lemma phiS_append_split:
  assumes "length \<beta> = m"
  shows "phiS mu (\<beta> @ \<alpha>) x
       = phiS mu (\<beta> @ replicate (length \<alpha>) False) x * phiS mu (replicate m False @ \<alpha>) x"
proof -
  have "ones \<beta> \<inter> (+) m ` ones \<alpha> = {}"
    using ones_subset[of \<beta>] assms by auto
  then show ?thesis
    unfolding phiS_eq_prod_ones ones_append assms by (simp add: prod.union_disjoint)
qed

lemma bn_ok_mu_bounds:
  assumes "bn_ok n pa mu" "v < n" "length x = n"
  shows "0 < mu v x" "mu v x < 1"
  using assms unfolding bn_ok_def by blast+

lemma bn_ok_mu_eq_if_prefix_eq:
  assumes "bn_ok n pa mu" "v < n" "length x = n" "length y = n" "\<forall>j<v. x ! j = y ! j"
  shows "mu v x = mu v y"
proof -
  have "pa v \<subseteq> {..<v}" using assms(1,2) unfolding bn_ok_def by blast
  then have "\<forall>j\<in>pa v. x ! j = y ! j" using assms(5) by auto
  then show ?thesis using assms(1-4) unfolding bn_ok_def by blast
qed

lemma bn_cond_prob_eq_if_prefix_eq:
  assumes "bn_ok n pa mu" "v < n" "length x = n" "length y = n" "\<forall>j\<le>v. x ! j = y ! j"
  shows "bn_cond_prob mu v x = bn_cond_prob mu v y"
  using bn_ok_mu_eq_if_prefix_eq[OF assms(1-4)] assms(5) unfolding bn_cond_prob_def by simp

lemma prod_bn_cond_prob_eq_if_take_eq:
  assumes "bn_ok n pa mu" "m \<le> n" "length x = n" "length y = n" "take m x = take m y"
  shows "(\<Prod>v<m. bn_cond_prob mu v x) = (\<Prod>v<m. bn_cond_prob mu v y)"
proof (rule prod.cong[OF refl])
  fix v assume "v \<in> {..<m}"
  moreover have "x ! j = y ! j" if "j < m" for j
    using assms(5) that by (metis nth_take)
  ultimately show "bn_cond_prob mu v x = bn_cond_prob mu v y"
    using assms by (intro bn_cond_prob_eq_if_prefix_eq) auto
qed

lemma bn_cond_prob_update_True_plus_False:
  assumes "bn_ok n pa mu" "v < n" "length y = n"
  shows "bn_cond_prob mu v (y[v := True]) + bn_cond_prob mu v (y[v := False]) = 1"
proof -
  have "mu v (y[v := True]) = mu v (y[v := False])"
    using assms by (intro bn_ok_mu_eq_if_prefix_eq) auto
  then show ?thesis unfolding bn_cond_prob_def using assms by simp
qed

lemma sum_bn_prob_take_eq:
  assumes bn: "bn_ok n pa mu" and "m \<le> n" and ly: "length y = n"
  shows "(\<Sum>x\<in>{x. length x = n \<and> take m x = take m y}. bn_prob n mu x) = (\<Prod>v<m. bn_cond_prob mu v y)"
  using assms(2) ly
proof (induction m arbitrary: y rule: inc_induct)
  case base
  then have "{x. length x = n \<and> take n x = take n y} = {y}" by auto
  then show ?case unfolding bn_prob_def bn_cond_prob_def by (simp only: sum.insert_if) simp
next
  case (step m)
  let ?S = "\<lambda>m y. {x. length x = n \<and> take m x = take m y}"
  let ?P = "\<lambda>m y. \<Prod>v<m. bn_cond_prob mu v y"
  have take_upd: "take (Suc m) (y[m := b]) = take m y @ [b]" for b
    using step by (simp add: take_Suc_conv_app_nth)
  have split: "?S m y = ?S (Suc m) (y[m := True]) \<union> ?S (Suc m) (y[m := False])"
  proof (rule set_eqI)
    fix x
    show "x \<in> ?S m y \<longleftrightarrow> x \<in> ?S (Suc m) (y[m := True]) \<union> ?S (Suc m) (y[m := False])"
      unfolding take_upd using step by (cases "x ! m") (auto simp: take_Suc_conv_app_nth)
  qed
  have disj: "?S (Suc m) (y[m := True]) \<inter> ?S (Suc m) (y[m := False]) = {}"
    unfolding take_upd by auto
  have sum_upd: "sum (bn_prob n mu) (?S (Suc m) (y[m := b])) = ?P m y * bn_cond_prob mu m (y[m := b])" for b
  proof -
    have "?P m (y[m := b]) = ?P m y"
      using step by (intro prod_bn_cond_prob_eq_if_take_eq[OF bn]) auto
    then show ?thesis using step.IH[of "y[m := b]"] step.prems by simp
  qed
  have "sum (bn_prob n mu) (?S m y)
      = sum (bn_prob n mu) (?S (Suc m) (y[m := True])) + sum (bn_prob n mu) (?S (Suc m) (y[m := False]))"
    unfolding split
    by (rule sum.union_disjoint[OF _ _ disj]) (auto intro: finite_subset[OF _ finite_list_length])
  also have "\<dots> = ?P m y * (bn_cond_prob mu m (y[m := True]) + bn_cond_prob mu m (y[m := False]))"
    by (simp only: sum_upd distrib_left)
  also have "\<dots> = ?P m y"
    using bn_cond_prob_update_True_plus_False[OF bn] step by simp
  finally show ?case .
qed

> **Description of the task**
Using the data above, return each line exactly as written.

> **Output of the task**
lemma phiS_append_split:
  assumes "length \<beta> = m"
  shows "phiS mu (\<beta> @ \<alpha>) x
       = phiS mu (\<beta> @ replicate (length \<alpha>) False) x * phiS mu (replicate m False @ \<alpha>) x"
proof -
  have "ones \<beta> \<inter> (+) m ` ones \<alpha> = {}"
    using ones_subset[of \<beta>] assms by auto
  then show ?thesis
    unfolding phiS_eq_prod_ones ones_append assms by (simp add: prod.union_disjoint)
qed

lemma bn_ok_mu_bounds:
  assumes "bn_ok n pa mu" "v < n" "length x = n"
  shows "0 < mu v x" "mu v x < 1"
  using assms unfolding bn_ok_def by blast+

lemma bn_ok_mu_eq_if_prefix_eq:
  assumes "bn_ok n pa mu" "v < n" "length x = n" "length y = n" "\<forall>j<v. x ! j = y ! j"
  shows "mu v x = mu v y"
proof -
  have "pa v \<subseteq> {..<v}" using assms(1,2) unfolding bn_ok_def by blast
  then have "\<forall>j\<in>pa v. x ! j = y ! j" using assms(5) by auto
  then show ?thesis using assms(1-4) unfolding bn_ok_def by blast
qed

lemma bn_cond_prob_eq_if_prefix_eq:
  assumes "bn_ok n pa mu" "v < n" "length x = n" "length y = n" "\<forall>j\<le>v. x ! j = y ! j"
  shows "bn_cond_prob mu v x = bn_cond_prob mu v y"
  using bn_ok_mu_eq_if_prefix_eq[OF assms(1-4)] assms(5) unfolding bn_cond_prob_def by simp

lemma prod_bn_cond_prob_eq_if_take_eq:
  assumes "bn_ok n pa mu" "m \<le> n" "length x = n" "length y = n" "take m x = take m y"
  shows "(\<Prod>v<m. bn_cond_prob mu v x) = (\<Prod>v<m. bn_cond_prob mu v y)"
proof (rule prod.cong[OF refl])
  fix v assume "v \<in> {..<m}"
  moreover have "x ! j = y ! j" if "j < m" for j
    using assms(5) that by (metis nth_take)
  ultimately show "bn_cond_prob mu v x = bn_cond_prob mu v y"
    using assms by (intro bn_cond_prob_eq_if_prefix_eq) auto
qed

lemma bn_cond_prob_update_True_plus_False:
  assumes "bn_ok n pa mu" "v < n" "length y = n"
  shows "bn_cond_prob mu v (y[v := True]) + bn_cond_prob mu v (y[v := False]) = 1"
proof -
  have "mu v (y[v := True]) = mu v (y[v := False])"
    using assms by (intro bn_ok_mu_eq_if_prefix_eq) auto
  then show ?thesis unfolding bn_cond_prob_def using assms by simp
qed

lemma sum_bn_prob_take_eq:
  assumes bn: "bn_ok n pa mu" and "m \<le> n" and ly: "length y = n"
  shows "(\<Sum>x\<in>{x. length x = n \<and> take m x = take m y}. bn_prob n mu x) = (\<Prod>v<m. bn_cond_prob mu v y)"
  using assms(2) ly
proof (induction m arbitrary: y rule: inc_induct)
  case base
  then have "{x. length x = n \<and> take n x = take n y} = {y}" by auto
  then show ?case unfolding bn_prob_def bn_cond_prob_def by (simp only: sum.insert_if) simp
next
  case (step m)
  let ?S = "\<lambda>m y. {x. length x = n \<and> take m x = take m y}"
  let ?P = "\<lambda>m y. \<Prod>v<m. bn_cond_prob mu v y"
  have take_upd: "take (Suc m) (y[m := b]) = take m y @ [b]" for b
    using step by (simp add: take_Suc_conv_app_nth)
  have split: "?S m y = ?S (Suc m) (y[m := True]) \<union> ?S (Suc m) (y[m := False])"
  proof (rule set_eqI)
    fix x
    show "x \<in> ?S m y \<longleftrightarrow> x \<in> ?S (Suc m) (y[m := True]) \<union> ?S (Suc m) (y[m := False])"
      unfolding take_upd using step by (cases "x ! m") (auto simp: take_Suc_conv_app_nth)
  qed
  have disj: "?S (Suc m) (y[m := True]) \<inter> ?S (Suc m) (y[m := False]) = {}"
    unfolding take_upd by auto
  have sum_upd: "sum (bn_prob n mu) (?S (Suc m) (y[m := b])) = ?P m y * bn_cond_prob mu m (y[m := b])" for b
  proof -
    have "?P m (y[m := b]) = ?P m y"
      using step by (intro prod_bn_cond_prob_eq_if_take_eq[OF bn]) auto
    then show ?thesis using step.IH[of "y[m := b]"] step.prems by simp
  qed
  have "sum (bn_prob n mu) (?S m y)
      = sum (bn_prob n mu) (?S (Suc m) (y[m := True])) + sum (bn_prob n mu) (?S (Suc m) (y[m := False]))"
    unfolding split
    by (rule sum.union_disjoint[OF _ _ disj]) (auto intro: finite_subset[OF _ finite_list_length])
  also have "\<dots> = ?P m y * (bn_cond_prob mu m (y[m := True]) + bn_cond_prob mu m (y[m := False]))"
    by (simp only: sum_upd distrib_left)
  also have "\<dots> = ?P m y"
    using bn_cond_prob_update_True_plus_False[OF bn] step by simp
  finally show ?case .
qed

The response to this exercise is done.